TO DO:
Scan the entries for "open". Every line that holds it is to be copied.

--- DATA FOR REVIEW Enclosed Below ---

(* Let $\rho\in\mathbb R$, let $\mathbf a=(a_{m,n})$ be a complex matrix and let $\kappa_{\mathbf a}:\mathbb H_\rho\times\mathbb H_\rho\to\mathbb C$ be the Dirichlet series kernel with coefficient matrix $\mathbf a$. If $\kappa_{\mathbf a}$ is non-constant, then $\kappa_{\mathbf a}$ is not $\mathrm{Aut}_L(\mathbb H_\rho)$-invariant.
   Context: $\mathbb H_\rho=\{\Re s>\rho\}$. $\kappa_{\mathbf a}(s,u)=\sum_{m,n\ge1}a_{m,n}m^{-s}n^{-\bar u}$ is a Dirichlet series kernel on $\mathbb H_\rho$ if $(s,u)\mapsto\kappa_{\mathbf a}(s,\bar u)$ is regularly convergent on $\mathbb H_\rho\times\mathbb H_\rho$ (regular convergence of $\sum c_{m,n}m^{-s}n^{-u}$ at $(s_0,u_0)$: the double series converges there and all row series $\sum_m c_{m,n}m^{-s_0}$ and column series $\sum_n c_{m,n}n^{-u_0}$ converge). For $A=\begin{pmatrix}a&b\\0&d\end{pmatrix}\in\mathrm{SL}_2(\mathbb R)$ let $\phi_A(s)=\frac{a(s-\rho)-ib}{d}+\rho$; $\mathrm{Aut}_L(\mathbb H_\rho)$ is the group of all such $\phi_A$. For a group $G$ acting on a domain $\Omega$, a positive semi-definite kernel $\kappa$ on $\Omega$ is called $G$-invariant if $\kappa(g\cdot s,g\cdot u)=\kappa(s,u)$ for all $s,u\in\Omega$, $g\in G$. *)

theory Defs
  imports "HOL-Analysis.Analysis"
begin

definition halfplane :: "real \<Rightarrow> complex set" where
  "halfplane \<rho> = {s. Re s > \<rho>}"

definition npow :: "nat \<Rightarrow> complex \<Rightarrow> complex" where
  "npow n s = (of_nat n :: complex) powr (- s)"

definition dd_partial :: "(nat \<Rightarrow> nat \<Rightarrow> complex) \<Rightarrow> complex \<Rightarrow> complex \<Rightarrow> nat \<times> nat \<Rightarrow> complex" where
  "dd_partial c s u = (\<lambda>(M, N). \<Sum>m\<in>{1..M}. \<Sum>n\<in>{1..N}. c m n * npow m s * npow n u)"

text \<open>Regular convergence at (s0,u0): the double series converges (Pringsheim sense),
  and every row series and every column series converges.\<close>
definition regularly_convergent_at ::
  "(nat \<Rightarrow> nat \<Rightarrow> complex) \<Rightarrow> complex \<Rightarrow> complex \<Rightarrow> bool" where
  "regularly_convergent_at c s0 u0 \<longleftrightarrow>
     (\<exists>L. (dd_partial c s0 u0 \<longlongrightarrow> L) (sequentially \<times>\<^sub>F sequentially)) \<and>
     (\<forall>n\<ge>1. summable (\<lambda>m. c (Suc m) n * npow (Suc m) s0)) \<and>
     (\<forall>m\<ge>1. summable (\<lambda>n. c m (Suc n) * npow (Suc n) u0))"

text \<open>kappa_a is a Dirichlet series kernel on H_rho: (s,u) |-> kappa_a(s, conj u) is
  regularly convergent on H_rho x H_rho.\<close>
definition dirichlet_series_kernel :: "real \<Rightarrow> (nat \<Rightarrow> nat \<Rightarrow> complex) \<Rightarrow> bool" where
  "dirichlet_series_kernel \<rho> a \<longleftrightarrow>
     (\<forall>s\<in>halfplane \<rho>. \<forall>u\<in>halfplane \<rho>. regularly_convergent_at a s u)"

definition kappa :: "(nat \<Rightarrow> nat \<Rightarrow> complex) \<Rightarrow> complex \<Rightarrow> complex \<Rightarrow> complex" where
  "kappa a s u = Lim (sequentially \<times>\<^sub>F sequentially) (dd_partial a s (cnj u))"

text \<open>phi_A for A = (a b; 0 d) in SL_2(R).\<close>
definition phiA :: "real \<Rightarrow> real \<Rightarrow> real \<Rightarrow> real \<Rightarrow> complex \<Rightarrow> complex" where
  "phiA \<rho> a b d s = (of_real a * (s - of_real \<rho>) - \<i> * of_real b) / of_real d + of_real \<rho>"

definition Aut_L :: "real \<Rightarrow> (complex \<Rightarrow> complex) set" where
  "Aut_L \<rho> = {phiA \<rho> a b d | a b d. a * d = 1}"

definition psd_kernel :: "'a set \<Rightarrow> ('a \<Rightarrow> 'a \<Rightarrow> complex) \<Rightarrow> bool" where
  "psd_kernel \<Omega> k \<longleftrightarrow>
     (\<forall>(n::nat) (x::nat \<Rightarrow> 'a) (c::nat \<Rightarrow> complex). (\<forall>i<n. x i \<in> \<Omega>) \<longrightarrow>
        (let S = (\<Sum>i<n. \<Sum>j<n. cnj (c i) * c j * k (x i) (x j)) in Im S = 0 \<and> Re S \<ge> 0))"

--- End of Enclosed DATA FOR REVIEW ---

OUTPUT FOR THIS EXERCISE:
text \<open>Regular convergence at (s0,u0): the double series converges (Pringsheim sense),
text \<open>kappa_a is a Dirichlet series kernel on H_rho: (s,u) |-> kappa_a(s, conj u) is
text \<open>phi_A for A = (a b; 0 d) in SL_2(R).\<close>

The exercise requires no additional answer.